Анна Энквист - Контрапункт
На улице уже стемнело. В ресторане за углом они заказывают баранину. В пюре добавлена размельченная темно-зеленая травка.
— Свежая кинза, тебе тоже стоит попробовать так приготовить. Очень вкусно.
Мать с радостью отмечает здоровый аппетит дочери. Она не боится потолстеть и полностью доверяет собственным импульсам. После еды они обе затягиваются сигаретой. Это уже хуже; мать знает, что подавала и подает плохой пример. За кофе дочь съедает все печеньица. Затем они расплачиваются, одеваются. Прощаются.
— Сходим в следующий раз на концерт? — спрашивает мать. — В малом зале «Гольдберг-вариации», недели через две. Если выкроишь время.
— Созвонимся, — отвечает дочь, склонясь над велосипедом и пытаясь открыть замок. Выпрямившись, она снова поворачивается лицом к матери. — Хорошая мысль! Я хотела сказать — созвонимся накануне концерта.
Она меня чувствует, думает мать, продолжая махать в пустоту вслед за удаляющейся фигурой дочери. Надо держать себя в руках; совсем не факт, что ей хочется со мной куда-то ходить. Мне следует предоставить ей больше свободы. Нельзя, чтобы она замечала, что у меня на сердце. А почему, собственно? Разве она не вправе знать, что мне приятно ее общество?
Она пожимает плечами и шарит по карманам в поисках парковочной карточки. Отыскав свою машину, она садится на водительское кресло и опускает голову на руль. Как бы ей хотелось очутиться сейчас с ней на диване, как раньше. Ей уже было лет семнадцать, она пристроилась рядышком и позволила себя обнять. На ней была мягкая махровая пижама. Мы смотрели перед собой, на темный экран телевизора. Мы просто сидели, вместе. Возможно, ее страшил завтрашний день в школе, а меня тревожило ее взросление, ее неизбежный уход из родительского дома — не помню. Каждую из нас что-то мучило, но свои тягостные мысли мы хранили при себе, прижавшись друг к другу.
* * *Музыка нарушала и застилала привычное представление о времени, думала женщина. Но с этим худо-бедно можно было справиться, ведь та же самая музыка помещала тебя в некую упорядоченную структуру, предрекающую конец во спасение от неумолимого бега времени. Мне придется сидеть на этом табурете до тех пор, пока я не упаду с него.

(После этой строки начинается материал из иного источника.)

lemma has_leading_term_esym:
  fixes L :: "nat \<Rightarrow> nat" and lam :: "nat \<Rightarrow> real \<Rightarrow> real"
  assumes mono: "mono_on {1..n} L"
    and lam: "\<And>k. k \<in> {1..n} \<Longrightarrow> has_leading_term (lam k) (L k) (lt k)"
    and j: "j \<in> {1..n}"
  defines "A \<equiv> {i\<in>{1..n}. L i < L j}" and "B \<equiv> {i\<in>{1..n}. L i \<le> L j}"
  shows "has_leading_term (\<lambda>x. esym {1..n} (\<lambda>i. lam i x) j) (\<Sum>i=1..j. L i)
    ((\<Prod>i\<in>A. lt i) * esym (B - A) lt (j - card A))"
proof -
  let ?U = "{Y. Y \<subseteq> {1..n} \<and> card Y = j}"
  have "finite ?U"
    by (rule finite_subset[of _ "Pow {1..n}"]) auto
  moreover have "has_leading_term (\<lambda>x. \<Prod>i\<in>Y. lam i x) (sum L Y) (\<Prod>i\<in>Y. lt i)"
    if "Y \<in> ?U" for Y
    using that lam by (intro has_leading_term_prod) auto
  moreover have "sum L {1..j} \<le> sum L Y" if "Y \<in> ?U" for Y
    using that sum_initial_segment_le[OF mono] by blast
  ultimately have lead: "has_leading_term (\<lambda>x. esym {1..n} (\<lambda>i. lam i x) j) (sum L {1..j})
      (\<Sum>Y\<in>{Y\<in>?U. sum L Y = sum L {1..j}}. \<Prod>i\<in>Y. lt i)"
    unfolding esym_def by (rule has_leading_term_sum_lowest)
  have lowest: "{Y\<in>?U. sum L Y = sum L {1..j}} = {Y. A \<subseteq> Y \<and> Y \<subseteq> B \<and> card Y = j}"
  proof (rule set_eqI)
    fix Y
    show "Y \<in> {Y\<in>?U. sum L Y = sum L {1..j}} \<longleftrightarrow> Y \<in> {Y. A \<subseteq> Y \<and> Y \<subseteq> B \<and> card Y = j}"
    proof
      assume "Y \<in> {Y\<in>?U. sum L Y = sum L {1..j}}"
      then show "Y \<in> {Y. A \<subseteq> Y \<and> Y \<subseteq> B \<and> card Y = j}"
        using sum_eq_initial_segment_iff[OF mono, of Y j] j unfolding A_def B_def by simp
    next
      assume "Y \<in> {Y. A \<subseteq> Y \<and> Y \<subseteq> B \<and> card Y = j}"
      moreover from this have "Y \<subseteq> {1..n}"
        unfolding B_def by blast
      ultimately show "Y \<in> {Y\<in>?U. sum L Y = sum L {1..j}}"
        using sum_eq_initial_segment_iff[OF mono, of Y j] j unfolding A_def B_def by simp
    qed
  qed
  have "card A \<le> j"
    using card_strict_lower_level_set_less[OF mono j] unfolding A_def by simp
  then have "(\<Sum>Y\<in>{Y. A \<subseteq> Y \<and> Y \<subseteq> B \<and> card Y = j}. \<Prod>i\<in>Y. lt i)
      = (\<Prod>i\<in>A. lt i) * esym (B - A) lt (j - card A)"
    by (intro sum_prod_subsets_between) (auto simp: A_def B_def)
  with lead lowest show ?thesis
    by simp
qed

lemma strict_lower_level_set_eq_initial_segment:
  fixes L :: "nat \<Rightarrow> nat"
  assumes mono: "mono_on {1..n} L" and gap: "t = 0 \<or> L t < L (t + 1)"
    and j: "t < j" "j \<le> n" "L j = L (t + 1)"
  shows "{i\<in>{1..n}. L i < L j} = {1..t}"
proof (intro equalityI subsetI)
  fix i assume i: "i \<in> {i\<in>{1..n}. L i < L j}"
  have "i \<le> t"
  proof (rule ccontr)
    assume "\<not> i \<le> t"
    then have "L (t + 1) \<le> L i"
      using i by (intro mono_onD[OF mono]) auto
    with i j(3) show False by simp
  qed
  with i show "i \<in> {1..t}" by simp
next
  fix i assume i: "i \<in> {1..t}"
  then have "L i \<le> L t"
    using j by (intro mono_onD[OF mono]) auto
  also have "L t < L j"
    using gap i j(3) by auto
  finally show "i \<in> {i\<in>{1..n}. L i < L j}"
    using i j by simp
qed

lemma lower_level_set_eq_initial_segment:
  fixes L :: "nat \<Rightarrow> nat"
  assumes mono: "mono_on {1..n} L" and gap: "p = n \<or> L p < L (p + 1)"
    and j: "1 \<le> j" "j \<le> p" "p \<le> n" "L j = L p"
  shows "{i\<in>{1..n}. L i \<le> L j} = {1..p}"
proof (intro equalityI subsetI)
  fix i assume i: "i \<in> {i\<in>{1..n}. L i \<le> L j}"
  have "i \<le> p"
  proof (rule ccontr)
    assume "\<not> i \<le> p"
    then have "L (p + 1) \<le> L i"
      using i by (intro mono_onD[OF mono]) auto
    moreover have "L p < L (p + 1)"
      using gap \<open>\<not> i \<le> p\<close> i by auto
    ultimately show False
      using i j(4) by simp
  qed
  with i show "i \<in> {1..p}" by simp
next
  fix i assume "i \<in> {1..p}"
  with j show "i \<in> {i\<in>{1..n}. L i \<le> L j}"
    by (auto intro: mono_onD[OF mono])
qed

locale esym_leading_terms =
  fixes n :: nat and lam :: "nat \<Rightarrow> real \<Rightarrow> real" and L :: "nat \<Rightarrow> nat"
    and lt et :: "nat \<Rightarrow> real"
  assumes mono_L: "mono_on {1..n} L"
    and lam_lead: "\<And>k. k \<in> {1..n} \<Longrightarrow> has_leading_term (lam k) (L k) (lt k)"
    and esym_lead: "\<And>j. j \<in> {1..n} \<Longrightarrow>
      has_leading_term (\<lambda>x. esym {1..n} (\<lambda>i. lam i x) j) (\<Sum>i=1..j. L i) (et j)"
begin

lemma et_eq_level_sets:
  assumes "j \<in> {1..n}"
  defines "A \<equiv> {i\<in>{1..n}. L i < L j}" and "B \<equiv> {i\<in>{1..n}. L i \<le> L j}"
  shows "et j = (\<Prod>i\<in>A. lt i) * esym (B - A) lt (j - card A)"
  unfolding A_def B_def
  using esym_lead[OF assms(1)] has_leading_term_esym[OF mono_L lam_lead assms(1)]
  by (rule has_leading_term_unique)

lemma et_in_block:
  assumes gap_left: "t = 0 \<or> L t < L (t + 1)" and gap_right: "p = n \<or> L p < L (p + 1)"
    and block: "\<And>i. i \<in> {t+1..p} \<Longrightarrow> L i = L (t + 1)"
    and j: "t < j" "j \<le> p" "p \<le> n"
  shows "et j = (\<Prod>i=1..t. lt i) * esym {t+1..p} lt (j - t)"
proof -
  have Lj: "L j = L (t + 1)" and Lp: "L p = L (t + 1)"
    using j by (intro block; simp)+
  have "{i\<in>{1..n}. L i < L j} = {1..t}"
    using j Lj by (intro strict_lower_level_set_eq_initial_segment[OF mono_L gap_left]) auto
  moreover have "{i\<in>{1..n}. L i \<le> L j} = {1..p}"
    using j Lj Lp by (intro lower_level_set_eq_initial_segment[OF mono_L gap_right]) auto
  moreover have "{1..p} - {1..t} = {t+1..p}"
    by auto
  ultimately show ?thesis
    using et_eq_level_sets[of j] j by simp
qed

lemma et_at_gap:
  assumes j: "j \<in> {1..n}" and gap: "j = n \<or> L j < L (j + 1)"
  shows "et j = (\<Prod>i=1..j. lt i)"
proof -
  define A where "A = {i\<in>{1..n}. L i < L j}"
  have B: "{i\<in>{1..n}. L i \<le> L j} = {1..j}"
    using j by (intro lower_level_set_eq_initial_segment[OF mono_L gap]) auto
  have "A \<subseteq> {1..j}"
    unfolding A_def B[symmetric] by auto
  moreover have "finite A"
    unfolding A_def by simp
  ultimately have "j - card A = card ({1..j} - A)"
    by (simp add: card_Diff_subset)
  have "et j = (\<Prod>i\<in>A. lt i) * esym ({1..j} - A) lt (j - card A)"
    using et_eq_level_sets[OF j] unfolding B A_def[symmetric] .
  also have "\<dots> = (\<Prod>i\<in>A. lt i) * (\<Prod>i\<in>{1..j} - A. lt i)"
    unfolding \<open>j - card A = card ({1..j} - A)\<close> by (simp add: esym_card)
  also have "\<dots> = (\<Prod>i=1..j. lt i)"
    using prod.subset_diff[OF \<open>A \<subseteq> {1..j}\<close>, of lt] by (simp add: mult.commute)
  finally show ?thesis .
qed

end

lemma sum_monom_scaled_esym:
  fixes x :: "nat \<Rightarrow> real"
  assumes "finite I" and e: "\<And>j. j \<le> card I \<Longrightarrow> e j = c * esym I x j"
  shows "(\<Sum>j\<le>card I. monom ((-1) ^ j * e j) (card I - j)) = smult c (\<Prod>i\<in>I. [:- x i, 1:])"
proof -
  have "smult c (\<Prod>i\<in>I. [:- x i, 1:]) = [:c:] * (\<Sum>j\<le>card I. monom ((-1) ^ j * esym I x j) (card I - j))"
    using prod_linear_factors_esym[OF assms(1)] by simp
  also have "\<dots> = (\<Sum>j\<le>card I. monom ((-1) ^ j * e j) (card I - j))"
    by (simp add: sum_distrib_left smult_monom e mult_ac)
  finally show ?thesis by simp
qed

theorem lemma3p4:
  fixes n s m :: nat
    and lam :: "nat \<Rightarrow> real \<Rightarrow> real"
    and L :: "nat \<Rightarrow> nat"
    and lt :: "nat \<Rightarrow> real"
    and et :: "nat \<Rightarrow> real"
  assumes L_mono: "\<And>i j. 1 \<le> i \<Longrightarrow> i \<le> j \<Longrightarrow> j \<le> n \<Longrightarrow> L i \<le> L j"
    and lam_asym: "\<And>k. 1 \<le> k \<Longrightarrow> k \<le> n \<Longrightarrow>
        (\<lambda>\<epsilon>. lam k \<epsilon> - \<epsilon> ^ L k * lt k) \<in> O[at 0](\<lambda>\<epsilon>. \<epsilon> ^ (L k + 1))"
    and e_asym: "\<And>j. 1 \<le> j \<Longrightarrow> j \<le> n \<Longrightarrow>
        (\<lambda>\<epsilon>. esym {1..n} (\<lambda>i. lam i \<epsilon>) j - \<epsilon> ^ (\<Sum>i=1..j. L i) * et j)
          \<in> O[at 0](\<lambda>\<epsilon>. \<epsilon> ^ ((\<Sum>i=1..j. L i) + 1))"
    and m_pos: "1 \<le> m" and sm_le: "s + m \<le> n"
    and gap_left: "s = 0 \<or> L s < L (s + 1)"
    and block: "\<And>i. s + 1 \<le> i \<Longrightarrow> i \<le> s + m \<Longrightarrow> L i = L (s + 1)"
    and gap_right: "s + m = n \<or> L (s + m) < L (s + m + 1)"
  shows "(\<forall>k\<in>{1..m}.
            et (s + k) = (\<Prod>i=1..s. lt i) * esym {s+1..s+m} lt k \<and>
            (s > 0 \<longrightarrow> et (s + k) = et s * esym {s+1..s+m} lt k))
       \<and> ((s > 1 \<and> et s \<noteq> 0) \<longrightarrow>
            (\<forall>k\<in>{1..m}. esym {s+1..s+m} lt k = et (s + k) / et s) \<and>
            (\<Sum>j\<le>m. monom ((-1) ^ j * et (s + j)) (m - j))
              = smult (et s) (\<Prod>i=s+1..s+m. [:- lt i, 1:]))"
proof -
  interpret esym_leading_terms n lam L lt et
    using L_mono lam_asym e_asym
    by unfold_locales (auto simp: has_leading_term_def intro: mono_onI)
  have block_interval: "\<And>i. i \<in> {s+1..s+m} \<Longrightarrow> L i = L (s + 1)"
    by (rule block) auto
  have block_coeff: "et (s + k) = (\<Prod>i=1..s. lt i) * esym {s+1..s+m} lt k"
    if "k \<in> {1..m}" for k
    using et_in_block[OF gap_left gap_right block_interval, of "s + k"] that sm_le by simp
  have gap_coeff: "et s = (\<Prod>i=1..s. lt i)" if "s > 0"
    using et_at_gap[of s] gap_left that sm_le by auto
  have scaled: "et (s + k) = et s * esym {s+1..s+m} lt k" if "s > 0" "k \<le> m" for k
    using block_coeff[of k] gap_coeff that by (cases "k = 0") (auto simp: esym_0)
  show ?thesis
  proof (intro conjI impI ballI)
    show "\<And>k. k \<in> {1..m} \<Longrightarrow> et (s + k) = (\<Prod>i=1..s. lt i) * esym {s+1..s+m} lt k"
      by (rule block_coeff)
    show "\<And>k. k \<in> {1..m} \<Longrightarrow> s > 0 \<Longrightarrow> et (s + k) = et s * esym {s+1..s+m} lt k"
      using scaled by simp
    assume "s > 1 \<and> et s \<noteq> 0"
    then show "\<And>k. k \<in> {1..m} \<Longrightarrow> esym {s+1..s+m} lt k = et (s + k) / et s"
      using scaled by simp
    show "(\<Sum>j\<le>m. monom ((-1) ^ j * et (s + j)) (m - j))
        = smult (et s) (\<Prod>i=s+1..s+m. [:- lt i, 1:])"
      using sum_monom_scaled_esym[of "{s+1..s+m}" "\<lambda>j. et (s + j)" "et s" lt] scaled \<open>s > 1 \<and> et s \<noteq> 0\<close>
      by simp
  qed
qed

end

Не так давно она оказалась в одном провинциальном городке в Германии на берегу моря (скорее всего, это был Киль). На главной улице ей встретился музыкальный магазинчик с необычно оформленной витриной. На пюпитрах размещались куски картона с начертанными на них цитатами из высказываний знаменитых композиторов о «сути» музыки. Она остановилась и бегло их прочитала. Собравшись было уходить, она вдруг заметила лист бумаги, упавший на дно витрины. Она нагнулась: «Феномен музыки дан нам единственно для того, чтобы внести порядок во все существующее, включая сюда прежде всего отношения между человеком и временем». Она достала ежедневник, чтобы переписать эти слова. Игорь Стравинский. Мысль о том, что своими упорными, настойчивыми занятиями музыкой она каким-то образом что-то упорядочивает, пришлась ей по душе. И все же сей постулат не показался ей утешительным, ее как бы призывали к ответственности. Кто? Директор консерватории, сам Стравинский? В очках, сдвинутых на лоб, с опущенными уголками губ на продолговатом лице, он смотрел на нее с презрением. «До тех пор пока вы не выясните свои отношения со временем, нам не о чем говорить. И делать вам здесь больше нечего».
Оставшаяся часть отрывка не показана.